In [None]:
"""
===========================================================
Growth curves for different xylose concentrations and induction times
===========================================================
"""

In [None]:
!pip install pandas numpy scipy matplotlib scikit-learn


In [None]:
!pip install openpyxl

In [None]:
# Importation of the libraries

import pandas as pd
import numpy as np
from scipy.signal import savgol_filter
from scipy.optimize import curve_fit
from scipy.stats import linregress
import matplotlib.pyplot as plt
from sklearn.linear_model import LinearRegression


In [None]:
"""
===========================================================
Import data
===========================================================
"""

In [None]:
# Define variables
# Importation variables
file_path = 'C:/Users/arnou/Documents/thesis/Resultaten/250905_plate4xyloseA2_H2Sheet1.xlsx' #'Z:/SET-MPM-B001/PI-SG-021/Bart Steemans/Stationary Phase Project/SGL758 16092024 .xlsx' # Replace with the path to reach the excel file. Mind the /
sheet_name = 'Table All Cycles' # Replace with the name of the excel sheet containing the raw data
skiprows = 12 # Define the number of rows to skip in the excel file to reach the headers row (e.g. : 13 if the row containing the samples names is the row 14 of the Excel file)
nrows = 302 # Number of rows to read in the excel file. Includes the headers row
columns_range = 'B:CT'  # Replace with the desired cell range. Should cover the time values and the OD values
time_format = 'XX h XX min' # Define the format of the Time values. Choose between : 'XX h XX min' ; 'decimal hour' ; 'minutes' ('decimal hour' : 30min is expressed as 0,5)

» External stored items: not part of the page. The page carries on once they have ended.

lemma joint_view_actions_eq:
  fixes Ca Cb :: "('x \<times> ('i::finite \<Rightarrow> 'h)) pmf" and \<kappa> :: "'h \<Rightarrow> 'k"
  assumes usi: "\<And>k x h. set_pmf Ca \<inter> {c. \<kappa> (snd c i) = k} \<noteq> {} \<Longrightarrow>
      pmf (cond_pmf Ca {c. \<kappa> (snd c i) = k}) (x, h) = pmf (Fk k) (h i) * pmf (Ph k) (x, restrict h (- {i}))"
    and R: "\<And>k. R k = bind_pmf (Fk k) (G i)"
    and views: "map_pmf (view_cfg i \<kappa>) Ca = map_pmf (view_cfg i \<kappa>) Cb"
  shows "bind_pmf Ca (\<lambda>c. map_pmf (Pair (view_cfg i \<kappa> c)) (Pi_pmf UNIV undefined (\<lambda>l. G l (snd c l))))
    = bind_pmf Cb (\<lambda>c. map_pmf (Pair (view_cfg i \<kappa> c))
        (Pi_pmf UNIV undefined (\<lambda>l. (G(i := R \<circ> \<kappa>)) l (snd c l))))"
proof -
  define N where "N p y = map_pmf (\<lambda>f. f(i := y)) (Pi_pmf (- {i}) undefined (\<lambda>l. G l (fst (snd p) l)))"
    for p :: "'x \<times> ('i \<Rightarrow> 'h) \<times> 'k" and y
  have split: "Pi_pmf UNIV undefined (\<lambda>l. G' l (snd c l))
      = bind_pmf (G' i (snd c i)) (N (view_cfg i \<kappa> c))" if "\<And>l. l \<noteq> i \<Longrightarrow> G' l = G l" for G' c
    unfolding Pi_pmf_UNIV_split[of _ _ i] N_def view_cfg_def
    using that by (intro bind_pmf_cong map_pmf_cong Pi_pmf_cong) auto
  have "bind_pmf Ca (\<lambda>c. map_pmf (Pair (view_cfg i \<kappa> c)) (Pi_pmf UNIV undefined (\<lambda>l. G l (snd c l))))
      = bind_pmf (map_pmf (\<lambda>c. (view_cfg i \<kappa> c, snd c i)) Ca)
          (\<lambda>(p, hi). map_pmf (Pair p) (bind_pmf (G i hi) (N p)))"
    by (simp add: bind_map_pmf split)
  also have "\<dots> = bind_pmf (map_pmf (view_cfg i \<kappa>) Ca)
      (\<lambda>p. map_pmf (Pair p) (bind_pmf (R (snd (snd p))) (N p)))"
    by (simp add: map_pmf_view_cfg_hist[OF usi] bind_assoc_pmf bind_map_pmf map_bind_pmf R)
  also have "\<dots> = bind_pmf Cb (\<lambda>c. map_pmf (Pair (view_cfg i \<kappa> c))
      (Pi_pmf UNIV undefined (\<lambda>l. (G(i := R \<circ> \<kappa>)) l (snd c l))))"
    using split[of "G(i := R \<circ> \<kappa>)"] by (simp add: views bind_map_pmf view_cfg_def)
  finally show ?thesis .
qed

lemma set_pmf_step_hist:
  assumes "\<omega> \<in> set_pmf (step f W g t (x, h))"
  shows "\<exists>z. snd (snd (snd (snd (snd \<omega>)))) = (\<lambda>l. (fst (h l), snd (h l) @ [z l]))"
proof -
  from assms obtain u w where "\<omega> \<in> set_pmf (case f t x u w of (x', z, r) \<Rightarrow>
      return_pmf (x, h, u, r, x', \<lambda>l. (fst (h l), snd (h l) @ [z l])))"
    by (auto simp: step_def)
  then show ?thesis
    by (auto split: prod.splits)
qed

lemma length_hist_cfg:
  "c \<in> set_pmf (cfg P1 f W g n) \<Longrightarrow> length (snd (snd c l)) = n"
proof (induction n arbitrary: c)
  case (Suc n)
  then obtain c0 \<omega> where "c0 \<in> set_pmf (cfg P1 f W g n)" and "\<omega> \<in> set_pmf (step f W g (Suc n) c0)"
    and "c = snd (snd (snd (snd \<omega>)))"
    by (auto split: prod.splits)
  with Suc.IH set_pmf_step_hist[of \<omega> f W g "Suc n" "fst c0" "snd c0"] show ?case
    by (cases c0) auto
qed auto

lemma compress_snoc:
  "compress iota1 iota i (a, zs @ [z]) = iota i (length zs + 2) (compress iota1 iota i (a, zs)) z"
proof -
  have "[1..<length (zs @ [z]) + 1] = [1..<length zs + 1] @ [length zs + 1]"
    by simp
  then show ?thesis
    by (simp add: compress_def del: upt_Suc)
qed

definition view_step ::
  "'i \<Rightarrow> ('h \<Rightarrow> 'k) \<Rightarrow> 'x \<times> ('i \<Rightarrow> 'h) \<times> 'u \<times> 'r \<times> 'x \<times> ('i \<Rightarrow> 'h)
    \<Rightarrow> ('x \<times> ('i \<Rightarrow> 'h) \<times> 'k) \<times> 'u \<times> 'r \<times> 'x \<times> ('i \<Rightarrow> 'h) \<times> 'k" where
  "view_step i \<kappa> \<omega> = (view_cfg i \<kappa> (fst \<omega>, fst (snd \<omega>)), fst (snd (snd \<omega>)),
     fst (snd (snd (snd \<omega>))), view_cfg i \<kappa> (snd (snd (snd (snd \<omega>)))))"

text \<open>Because the compression is updated recursively, the view after a step is determined by
  the view before it, the action profile and the noise.\<close>

definition view_transition ::
  "(nat \<Rightarrow> 'x \<Rightarrow> 'u \<Rightarrow> 'w \<Rightarrow> 'x \<times> ('i \<Rightarrow> 'z) \<times> 'r) \<Rightarrow> ('i \<Rightarrow> nat \<Rightarrow> 'k \<Rightarrow> 'z \<Rightarrow> 'k) \<Rightarrow> 'i \<Rightarrow> nat
    \<Rightarrow> 'x \<times> ('i \<Rightarrow> ('h1, 'z) hist) \<times> 'k \<Rightarrow> 'u \<Rightarrow> 'w
    \<Rightarrow> ('x \<times> ('i \<Rightarrow> ('h1, 'z) hist) \<times> 'k) \<times> 'u \<times> 'r \<times> 'x \<times> ('i \<Rightarrow> ('h1, 'z) hist) \<times> 'k" where
  "view_transition f iota i t p u w = (case f t (fst p) u w of (x', z, r) \<Rightarrow>
     (p, u, r, x', restrict (\<lambda>l. (fst (fst (snd p) l), snd (fst (snd p) l) @ [z l])) (- {i}),
      iota i (t + 1) (snd (snd p)) (z i)))"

# Sample to use as an example to plot at every step.
sample_to_plot = 'Sample X1' # Replace with the name of the sample to plot. Should be the same as the name of the sample in the excel file

# Smoothing variable
window_size = 6 # Window size for the Savitzky–Golay smoothing algorithm 

# Variable for the determination of the best linear regression fit
window_regression = 25 # Size of the sliding window for the calculation of the "exponential phase candidates"

# Exportation file 
#export_path = 'L:/SET-MPM-B001/PI-SG-021/Alix Meunier/Growth curves/Python pipeline/third_test.csv'


In [None]:
# Read the Excel file, specifying that the first two rows are headers

df = pd.read_excel(file_path, sheet_name=sheet_name, header= [0,1], index_col=None, skiprows=skiprows, nrows=nrows) 

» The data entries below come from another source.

lemma weight_vector_sigmaP_in_image:
  assumes "\<alpha> \<in> Qroot sc br H" "y \<in> wspace sc br H \<alpha> \<inter> gbar sc (sigmaP \<sigma> P) mt \<zeta> \<nu>" "y \<noteq> 0"
  shows "\<nu> \<in> rho ` grades"
proof -
  obtain \<mu> where \<mu>: "\<mu> \<in> admissible" "\<nu> = rho \<mu>"
    using gbar_sigmaP_in_image assms(2,3) by blast
  then have "y \<in> wspace sc br H \<alpha> \<inter> gbar sc \<sigma> m \<zeta> \<mu>" using assms(2) gbar_rho by simp
  then have "(\<lambda>\<nu>'. if \<nu>' = \<mu> then y else 0) \<in> loop" by (rule single_in_loop[OF assms(1)])
  then have "\<mu> \<in> supp_Zn loop" using assms(3) unfolding supp_Zn_def by (intro CollectI bexI) auto
  then show ?thesis using \<mu>(2) zgen.zg_gen by blast
qed

lemma support_loopP: "g \<in> loopP \<Longrightarrow> {\<nu>. g \<nu> \<noteq> 0} \<subseteq> rho ` grades"
  using span_nonzero_element weight_vector_sigmaP_in_image by (fastforce simp: multiloop_def)

lemma gbar_rho_grades: "\<mu> \<in> grades \<Longrightarrow> gbar sc \<sigma> m \<zeta> \<mu> = gbar sc (sigmaP \<sigma> P) mt \<zeta> (rho \<mu>)"
  using grades_subset_admissible gbar_rho by auto

sublocale regrading grades rho
proof
  show "inj_on rho grades" using inj_on_rho grades_subset_admissible by (rule inj_on_subset)
qed (use rho_add grades_subset_admissible zgen_diff zgen.zg_add in auto)

lemma regrade_in_loopP:
  assumes "f \<in> loop" shows "regrade f \<in> loopP"
proof -
  have "finite {\<nu>. regrade f \<nu> \<noteq> 0}"
    using assms support_regrade[OF support_loop[OF assms]] by (simp add: multiloop_def)
  moreover have "regrade f \<nu> \<in> homogeneous_span (sigmaP \<sigma> P) mt \<nu>" for \<nu>
  proof (cases "\<nu> \<in> rho ` grades")
    case True
    then obtain \<mu> where \<mu>: "\<mu> \<in> grades" "\<nu> = rho \<mu>" by blast
    have "f \<mu> \<in> homogeneous_span \<sigma> m \<mu>" using assms by (simp add: multiloop_def)
    then show ?thesis using \<mu> gbar_rho_grades by simp
  qed (simp add: regrade_outside span_zero)
  ultimately show ?thesis by (simp add: multiloop_def)
qed

lemma unregrade_in_loop:
  assumes "g \<in> loopP" shows "unregrade g \<in> loop"
proof -
  have "finite {\<mu>. unregrade g \<mu> \<noteq> 0}"
    using assms by (intro finite_support_unregrade) (simp add: multiloop_def)
  moreover have "unregrade g \<mu> \<in> homogeneous_span \<sigma> m \<mu>" for \<mu>
  proof (cases "\<mu> \<in> grades")
    case True
    have "g (rho \<mu>) \<in> homogeneous_span (sigmaP \<sigma> P) mt (rho \<mu>)" using assms by (simp add: multiloop_def)
    then show ?thesis using True gbar_rho_grades by (simp add: unregrade_def)
  qed (simp add: unregrade_def span_zero)
  ultimately show ?thesis by (simp add: multiloop_def)
qed

lemma lie_iso_regrade: "lie_iso_between sc br loop loopP regrade"
  unfolding lie_iso_between_def
proof (intro conjI ballI allI)
  show "bij_betw regrade loop loopP"
    by (rule bij_betw_byWitness[where f' = unregrade])
      (auto simp: regrade_in_loopP unregrade_in_loop unregrade_regrade[OF support_loop]
        regrade_unregrade[OF support_loopP])
  show "regrade (ladd f g) = ladd (regrade f) (regrade g)" for f g
    by (rule regrade_ladd)
  show "regrade (lsc sc c f) = lsc sc c (regrade f)" for c f
    by (simp add: regrade_lsc)
  show "regrade (lbr br f g) = lbr br (regrade f) (regrade g)" if "f \<in> loop" for f g
    using br_zero support_loop[OF that] by (rule regrade_lbr)
qed

lemma regrade_component:
  assumes "\<alpha> \<in> Qroot sc br H"
  shows "regrade ` regraded_comp (mlcomp sc br \<sigma> m \<zeta> H \<alpha>) grades rho lam
    = mlcomp sc br (sigmaP \<sigma> P) mt \<zeta> H \<alpha> lam"
proof (cases "lam \<in> rho ` grades")
  case True
  then obtain \<mu> where \<mu>: "\<mu> \<in> grades" "lam = rho \<mu>" by blast
  then have comp: "regraded_comp (mlcomp sc br \<sigma> m \<zeta> H \<alpha>) grades rho lam = mlcomp sc br \<sigma> m \<zeta> H \<alpha> \<mu>"
    using True by (simp add: regraded_comp_def the_inv_into_f_f[OF hom_inj])
  have "gbar sc \<sigma> m \<zeta> \<mu> = gbar sc (sigmaP \<sigma> P) mt \<zeta> lam"
    using \<mu> gbar_rho_grades by simp
  then show ?thesis unfolding comp mlcomp_def
    by (simp only: \<mu>(2) regrade_image_single[OF \<mu>(1)])
next
  case False
  have "0 \<in> gbar sc (sigmaP \<sigma> P) mt \<zeta> lam"
    using sigmaP_scale by (simp add: gbar_def commutes_scale_def) (metis scale_zero_left)
  then have "mlcomp sc br (sigmaP \<sigma> P) mt \<zeta> H \<alpha> lam = {\<lambda>_. 0}"
    using weight_vector_sigmaP_in_image[OF assms _ _] False br_zero
    by (fastforce simp: mlcomp_def wspace_def)
  moreover have "regrade (\<lambda>_. 0) = (\<lambda>_. 0)" by (simp add: fun_eq_iff regrade_def)
  ultimately show ?thesis using False by (simp add: regraded_comp_def)
qed

end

# Flatten the MultiIndex columns to just use the top header (A01, A02, etc.)
df.columns = [col[0] for col in df.columns]
df.columns.values[1] = "Time"
columns_to_keep = df.columns[1:]  # for example, slice columns 3-5
df = df[columns_to_keep]

# Now you have: Time, A01, A02, ..., A06
print(df.head())

df_melted = pd.melt(df, id_vars='Time', var_name='Sample', value_name='OD')

# Print the resulting DataFrame
print(df_melted)

In [None]:
def convert_time_to_minutes(time_str):
    if pd.isna(time_str):
        return pd.NA
    
    try:
        time_str = str(time_str)  # Ensure we are working with a string
        if ' min' in time_str:
            hours, minutes = time_str.split(' h ')
            minutes = int(minutes.replace(' min', ''))
        else:
            hours = int(time_str.replace(' h', ''))
            minutes = 0
        hours = int(hours)
        return hours * 60 + minutes
    except ValueError:
        return pd.NA  # Return NaN if the format is unexpected

# Apply the function
df_melted['Time'] = df_melted['Time'].apply(convert_time_to_minutes)
print(df_melted)


In [None]:
#metadata 
file_path = 'C:/Users/arnou/Documents/thesis/Resultaten/gross_lab_bsubtilis_crispri_kd.xlsx' #'Z:/SET-MPM-B001/PI-SG-021/Bart Steemans/Stationary Phase Project/SGL758 16092024 .xlsx' # Replace with the path to reach the excel file. Mind the /
sheet_name = 'xylosetestA2_H2'
df_meta = pd.read_excel(file_path, sheet_name=sheet_name, header= 0,index_col=None) 
print(df_meta)

In [None]:
#merge metadata

df_merged = df_melted.merge(
    df_meta,
    left_on="Sample",         # wells like A01 in your main data
    right_on="MetaData_Well", # wells like A01 in metadata
    how="left"
)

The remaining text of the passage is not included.